▸ **EXERCISE OBJECTIVE**
From the first line through the line containing "theory Defs", transcribe the records exactly and include no other lines.

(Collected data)
|---|

(* Fix $r>0$ and $\phi,\phi_0\in[0,2\pi)$. For $z\in\mathbb C$ define $$s(z)=\frac{1}{2\pi}\Big(p_{R|R_0}(r\mid z)+\sum_{m\in\mathbb Z\setminus\{0\}}C_m(r,z)\,e^{jm(\phi-\phi_0-\gamma z^2\mathcal L)}\Big).$$ Here $p_{R|R_0}(r\mid z)=\frac{2r}{\sigma^2\mathcal L}e^{-\frac{r^2+z^2}{\sigma^2\mathcal L}}I_0\big(\frac{2rz}{\sigma^2\mathcal L}\big)$. For $m\ge1$, $C_m(r,z)=r b_m e^{-a_m(r^2+z^2)}I_m(2b_m zr)$, and $C_{-m}(r,z)=r\overline{b_m}e^{-\overline{a_m}(r^2+z^2)}I_m(2\overline{b_m}zr)$. Then the series converges uniformly on every bounded subset of $\mathbb C$, and $s$ is an entire function of $z$. For real $z=r_0\ge0$, $s(r_0)=p(r,\phi\mid r_0,\phi_0)$.
   Context: Fix constants $\gamma>0$, $\sigma>0$, $\mathcal L>0$, and let $j=\sqrt{-1}$. For $m\in\mathbb N$ define $$a_m=\frac{\sqrt{jm\gamma}}{\sigma}\coth\!\big(\sqrt{jm\gamma\sigma^2}\,\mathcal L\big),\qquad b_m=\frac{\sqrt{jm\gamma}}{\sigma}\,\frac{1}{\sinh\!\big(\sqrt{jm\gamma\sigma^2}\,\mathcal L\big)},$$ with principal square roots. $I_m$ denotes the modified Bessel function of the first kind of order $m$, and $\overline{w}$ denotes the complex conjugate of $w$. The PZD channel conditional density (input polar coordinates $(r_0,\phi_0)$, output polar coordinates $(r,\phi)$) is $$p(r,\phi\mid r_0,\phi_0)=\frac{1}{2\pi}p_{R|R_0}(r\mid r_0)+\frac1\pi\sum_{m\ge1}\Re\!\Big(C_m(r,r_0)\,e^{jm(\phi-\phi_0-\gamma r_0^2\mathcal L)}\Big),$$ with $p_{R|R_0}$ and $C_m$ ($m\ge1$) as in the claim evaluated at real $z=r_0$. *)

theory Defs
  imports "HOL-Analysis.Analysis"
begin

|---|

▸ **YOUR SOLUTION**
(* Fix $r>0$ and $\phi,\phi_0\in[0,2\pi)$. For $z\in\mathbb C$ define $$s(z)=\frac{1}{2\pi}\Big(p_{R|R_0}(r\mid z)+\sum_{m\in\mathbb Z\setminus\{0\}}C_m(r,z)\,e^{jm(\phi-\phi_0-\gamma z^2\mathcal L)}\Big).$$ Here $p_{R|R_0}(r\mid z)=\frac{2r}{\sigma^2\mathcal L}e^{-\frac{r^2+z^2}{\sigma^2\mathcal L}}I_0\big(\frac{2rz}{\sigma^2\mathcal L}\big)$. For $m\ge1$, $C_m(r,z)=r b_m e^{-a_m(r^2+z^2)}I_m(2b_m zr)$, and $C_{-m}(r,z)=r\overline{b_m}e^{-\overline{a_m}(r^2+z^2)}I_m(2\overline{b_m}zr)$. Then the series converges uniformly on every bounded subset of $\mathbb C$, and $s$ is an entire function of $z$. For real $z=r_0\ge0$, $s(r_0)=p(r,\phi\mid r_0,\phi_0)$.
   Context: Fix constants $\gamma>0$, $\sigma>0$, $\mathcal L>0$, and let $j=\sqrt{-1}$. For $m\in\mathbb N$ define $$a_m=\frac{\sqrt{jm\gamma}}{\sigma}\coth\!\big(\sqrt{jm\gamma\sigma^2}\,\mathcal L\big),\qquad b_m=\frac{\sqrt{jm\gamma}}{\sigma}\,\frac{1}{\sinh\!\big(\sqrt{jm\gamma\sigma^2}\,\mathcal L\big)},$$ with principal square roots. $I_m$ denotes the modified Bessel function of the first kind of order $m$, and $\overline{w}$ denotes the complex conjugate of $w$. The PZD channel conditional density (input polar coordinates $(r_0,\phi_0)$, output polar coordinates $(r,\phi)$) is $$p(r,\phi\mid r_0,\phi_0)=\frac{1}{2\pi}p_{R|R_0}(r\mid r_0)+\frac1\pi\sum_{m\ge1}\Re\!\Big(C_m(r,r_0)\,e^{jm(\phi-\phi_0-\gamma r_0^2\mathcal L)}\Big),$$ with $p_{R|R_0}$ and $C_m$ ($m\ge1$) as in the claim evaluated at real $z=r_0$. *)

theory Defs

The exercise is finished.